StacClient is designed for Serverless (environment version 5, Python 3.12):

  • No spark.conf.set. Parallelism is controlled entirely via partitions= in search and download, and via DataFrame.repartition(N, "col") in your notebook — hash by a column, since on Serverless a number-only repartition(N) is coalesced by AQE back toward one partition.
  • No .cache() / .persist(). Materialize search results and downloaded-file metadata to Delta tables — Delta time travel is a more durable alternative to in-memory caching and survives session restarts.
  • One task per asset. Each download task is independent; Serverless autoscaling routes tasks across available workers without pinning.
# Serverless: write search results to Delta immediately (no caching)
client.search(df_cells, geojson_col="geojson",
collections=["sentinel-2-l2a"], datetime="2022-06-01").write \
.mode("overwrite").saveAsTable("cell_assets")

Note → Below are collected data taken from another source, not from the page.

(* For every $\alpha>0$, with the initialization described in the context, $\mathbf{V}(0)+\mathbf{G}(0)=\mathbf{H}(0)$. Consequently, for $\alpha=1$, under gradient flow the predictions satisfy at time $0$ $$\frac{d\mathbf{f}}{dt}=-\boldsymbol{\Lambda}(0)(\mathbf{f}(0)-\mathbf{y})=-\mathbf{H}(0)(\mathbf{f}(0)-\mathbf{y}).$$
   Context: Data $(\mathbf{x}_i,y_i)\in\mathbb{R}^d\times\mathbb{R}$, $i=1,\dots,n$. Network $f(\mathbf{x})=\frac{1}{\sqrt m}\sum_{k=1}^m c_k\sigma(g_k\mathbf{v}_k^\top\mathbf{x}/\|\mathbf{v}_k\|_2)$, $\sigma(s)=\max\{s,0\}$; initialization: independently $\mathbf{v}_k(0)\sim N(0,\alpha^2\mathbf{I})$, $c_k$ uniform on $\{-1,1\}$, $g_k(0)=\|\mathbf{v}_k(0)\|_2/\alpha$. Loss $L=\frac12\sum_i(f(\mathbf{x}_i)-y_i)^2$; gradient flow $\frac{d\mathbf{v}_k}{dt}=-\partial L/\partial\mathbf{v}_k$, $\frac{dg_k}{dt}=-\partial L/\partial g_k$ with $c_k$ fixed; $\mathbf{f}(t)$ the vector of predictions. Notation: $\mathbf{x}^{\mathbf{u}}=\mathbf{u}\mathbf{u}^\top\mathbf{x}/\|\mathbf{u}\|_2^2$, $\mathbf{x}^{\mathbf{u}^\perp}=\mathbf{x}-\mathbf{x}^{\mathbf{u}}$, $\mathbb{1}_{ik}(t)=\mathbb{1}\{\mathbf{v}_k(t)^\top\mathbf{x}_i\ge0\}$. $\mathbf{V}_{ij}(t)=\frac1m\sum_k\big(\frac{\alpha c_kg_k(t)}{\|\mathbf{v}_k(t)\|_2}\big)^2\langle\mathbf{x}_i^{\mathbf{v}_k(t)^\perp},\mathbf{x}_j^{\mathbf{v}_k(t)^\perp}\rangle\mathbb{1}_{ik}(t)\mathbb{1}_{jk}(t)$, $\mathbf{G}_{ij}(t)=\frac1m\sum_k\sigma(\mathbf{v}_k(t)^\top\mathbf{x}_i)\sigma(\mathbf{v}_k(t)^\top\mathbf{x}_j)/\|\mathbf{v}_k(t)\|_2^2$, $\boldsymbol{\Lambda}(t)=\mathbf{V}(t)/\alpha^2+\mathbf{G}(t)$, and the (un-normalized) neural tangent kernel $\mathbf{H}_{ij}(0)=\frac1m\sum_k\mathbf{x}_i^\top\mathbf{x}_j\mathbb{1}_{ik}(0)\mathbb{1}_{jk}(0)$. *)

theory Defs
  imports "HOL-Analysis.Analysis"
begin

text \<open>ReLU and the convention sigma'(s) = 1 if s >= 0 (as in the indicator 1_ik of the paper).\<close>
definition relu :: "real \<Rightarrow> real" where
  "relu s = max s 0"

definition relu_deriv :: "real \<Rightarrow> real" where
  "relu_deriv s = (if s \<ge> 0 then 1 else 0)"

definition proj :: "'a::euclidean_space \<Rightarrow> 'a \<Rightarrow> 'a" where
  "proj u x = ((u \<bullet> x) / (norm u)^2) *\<^sub>R u"

definition perp :: "'a::euclidean_space \<Rightarrow> 'a \<Rightarrow> 'a" where
  "perp u x = x - proj u x"

definition ind :: "'a::euclidean_space \<Rightarrow> 'a \<Rightarrow> real" where
  "ind v x = (if v \<bullet> x \<ge> 0 then 1 else 0)"

definition net :: "nat \<Rightarrow> (nat \<Rightarrow> real) \<Rightarrow> (nat \<Rightarrow> real) \<Rightarrow> (nat \<Rightarrow> 'a::euclidean_space) \<Rightarrow> 'a \<Rightarrow> real" where
  "net m c g v x = (1 / sqrt (real m)) * (\<Sum>k<m. c k * relu (g k * (v k \<bullet> x) / norm (v k)))"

# Serverless: read back from Delta for the download step
assets = spark.read.table("cell_assets")
files_df = client.download(assets, out_dir="/Volumes/...", asset_names=["B02"])
files_df.write.mode("overwrite").saveAsTable("band_b02")
No doc-test backing for this page

StacClient is a network integration client — it requires live STAC catalog access and real asset URLs. The illustrative code blocks above show the API surface; the EO Series notebooks and the Helios notebooks are fully-executed, end-to-end examples with real data.


Non-goals

The following are explicitly out of scope for the initial StacClient:

  • No async / concurrent-within-task fetching. Parallelism comes from Spark tasks, not asyncio/threads inside a UDF.
  • No non-raster asset validation. validate=True open-and-decodes a raster window; JSON, thumbnails, and vector sidecars are downloaded but not validated.
  • No catalog or item publishing. StacClient is a read/consume client.
  • No credential management. Auth is expressed through the sign parameter; token storage and refresh are the caller's responsibility.

See also

  • EO Series notebooks — the worked end-to-end example (search → download → repair → tessellate → stack).
  • Helios notebooksStacClient used to discover and download 3DEP DEMs from Planetary Computer, converted to COGs and cataloged in a STAC Delta table (NB03).
  • Execution Tiers — lightweight vs heavyweight comparison.
  • RasterX Function Referencerst_h3_tessellate, rst_fromcontent, rst_merge_agg, and the rest of the raster processing functions used downstream of STAC downloads.